Die das Kunstprojekt begleitende Ausstellung „Gier frisst: Vertrauen“ ist noch bis Donnerstag, 31. Juli, werktags von 14 bis 19 Uhr in der Katharinenkirche zu sehen.

Die Finissage ist donnerstags um 18 Uhr.
Ralf Kopp zeigt hier weitere Kunstobjekte, die sich mit dem Verhältnis des Menschen zu Geld auseinandersetzen. (prhw)

Die Ein-Cent-Stücke bildeten die jeweils einen Meter hohen und einen halben Meter breiten Buchstaben. Kopp wollte mit dieser Kunstaktion die Verführbarkeit von Passanten testen. Er habe vorher keine genaue Vorstellung von dem gehabt, was passieren könne, sagt er. Das Projekt sollte testen, ob „Vertrauen“ stärker sei als die Gier nach Geld.

Eine Kamera dokumentierte den gesamten Zeitraum. Sie sei allerdings so platziert gewesen, dass keiner der Passanten zu identifizieren sei. So konnte Kopp nachvollziehen, dass sich auch augenscheinlich Gutsituierte bedienten. „Ich durfte wesentlich mehr positive Erfahrungen machen als negative“, resümiert der Künstler trotzdem. Denn obwohl das Geld schon nach 14 Stunden weg war, konnte er auch gute Taten beobachten.

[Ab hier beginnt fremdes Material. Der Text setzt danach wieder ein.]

lemma exp_bound_if_right_dini_bound:
  fixes V :: "real \<Rightarrow> real"
  assumes cont: "continuous_on {0..T} V" and rates: "0 < b" "b < c"
    and E: "0 \<le> V 0" "V 0 < E" "E \<le> R"
    and dini: "\<And>t \<eta>. t \<in> {0..<T} \<Longrightarrow> V t \<le> R \<Longrightarrow> 0 < \<eta> \<Longrightarrow>
      eventually (\<lambda>s. V s \<le> V t - (s - t) * (c * V t - \<eta>)) (at_right t)"
    and t: "t \<in> {0..T}"
  shows "V t \<le> E * exp (- b * t)"
proof -
  define g where "g s = V s - E * exp (- b * s)" for s
  have "g t \<le> 0"
  proof (rule nonpos_on_Icc_if_right_descent[OF _ _ _ t])
    show "continuous_on {0..T} g"
      unfolding g_def by (intro continuous_intros cont)
    show "g 0 < 0"
      using E by (simp add: g_def)
    fix t'
    assume t': "t' \<in> {0..<T}" and "g t' = 0"
    define p where "p = E * exp (- b * t')"
    have "V t' = p" and "0 < p"
      using \<open>g t' = 0\<close> E by (simp_all add: g_def p_def)
    moreover have "p \<le> E"
      using t' rates E by (simp add: p_def mult_le_cancel_left1)
    \<comment> \<open>the slack \<open>\<eta> = (c - b) * p / 2\<close> makes the crossing strict\<close>
    ultimately have "eventually (\<lambda>s. V s \<le> p - (s - t') * (c * p - (c - b) * p / 2)) (at_right t')"
      using dini[OF t'] rates E by simp
    then show "eventually (\<lambda>s. g s < 0) (at_right t')"
      using eventually_at_right_less[of t']
    proof eventually_elim
      case (elim s)
      have "p * (1 - b * (s - t')) \<le> p * exp (- b * (s - t'))"
        using \<open>0 < p\<close> exp_ge_add_one_self[of "- b * (s - t')"] by (simp add: mult_left_mono)
      also have "p * exp (- b * (s - t')) = E * exp (- b * s)"
        by (simp add: p_def mult_exp_exp algebra_simps)
      finally have "p * (1 - b * (s - t')) \<le> E * exp (- b * s)" .
      moreover have "0 < (s - t') * ((c - b) * p / 2)"
        using elim(2) rates \<open>0 < p\<close> by simp
      moreover have "p - (s - t') * (c * p - (c - b) * p / 2)
          = p * (1 - b * (s - t')) - (s - t') * ((c - b) * p / 2)"
        by (simp add: algebra_simps)
      ultimately show ?case
        using elim(1) by (simp add: g_def)
    qed
  qed
  then show ?thesis
    by (simp add: g_def)
qed

lemma exp_decay_if_right_dini_bound:
  fixes V :: "real \<Rightarrow> real"
  assumes "continuous_on {0..T} V" and "0 < b" "b < c"
    and V0: "0 \<le> V 0" "V 0 < R"
    and "\<And>t \<eta>. t \<in> {0..<T} \<Longrightarrow> V t \<le> R \<Longrightarrow> 0 < \<eta> \<Longrightarrow>
      eventually (\<lambda>s. V s \<le> V t - (s - t) * (c * V t - \<eta>)) (at_right t)"
    and "t \<in> {0..T}"
  shows "V t \<le> V 0 * exp (- b * t)"
proof -
  have "V t \<le> E * exp (- b * t)" if "V 0 < E" "E < R" for E
    using that assms by (intro exp_bound_if_right_dini_bound[where R = R]) auto
  then have "V t * exp (b * t) \<le> V 0"
    by (intro dense_ge_bounded[OF V0(2)]) (simp add: exp_minus field_simps)
  then show ?thesis
    by (simp add: exp_minus field_simps)
qed

lemma abs_add_mult_le:
  fixes z z' l h :: real
  assumes "0 \<le> h" and "0 \<le> 1 + h * l"
  shows "\<bar>z + h * z'\<bar> \<le> \<bar>z\<bar> + h * (\<bar>z' - l * z\<bar> + l * \<bar>z\<bar>)"
proof -
  have "\<bar>z + h * z'\<bar> = \<bar>(1 + h * l) * z + h * (z' - l * z)\<bar>"
    by (simp add: algebra_simps)
  also have "\<dots> \<le> \<bar>(1 + h * l) * z\<bar> + \<bar>h * (z' - l * z)\<bar>"
    by (rule abs_triangle_ineq)
  also have "\<dots> = (1 + h * l) * \<bar>z\<bar> + h * \<bar>z' - l * z\<bar>"
    using assms by (simp add: abs_mult)
  also have "\<dots> = \<bar>z\<bar> + h * (\<bar>z' - l * z\<bar> + l * \<bar>z\<bar>)"
    by (simp add: algebra_simps)
  finally show ?thesis .
qed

So hätten Passanten Münzen dazugelegt – sogar noch spät nachts. Den Großteil des Geldes haben vier Jugendliche abgeräumt. Allerdings steckten sie es nicht in die eigene Tasche, sondern in die Plastiktüte eines Obdachlosen. „Er hat es nötiger gebraucht als wir“, fanden sie.
„Ich bin sehr stolz auf euch und tief berührt“, sagte Kopp zu Elisha und Niclas, zwei der vier Jugendlichen, mit denen er sich daraufhin traf. Ihre Geschichte: Sie waren in besagter Nacht in der Stadt unterwegs. Der Obdachlose sprach sie an und fragte nach Geld. Kurze Zeit später fanden sie die Cent-Stücke vor der Kirche. Die Jugendlichen holten den Mann und halfen ihm, das Geld einzusammeln. Dieser kündigte an, dass er mit anderen Bedürftigen teilen wolle.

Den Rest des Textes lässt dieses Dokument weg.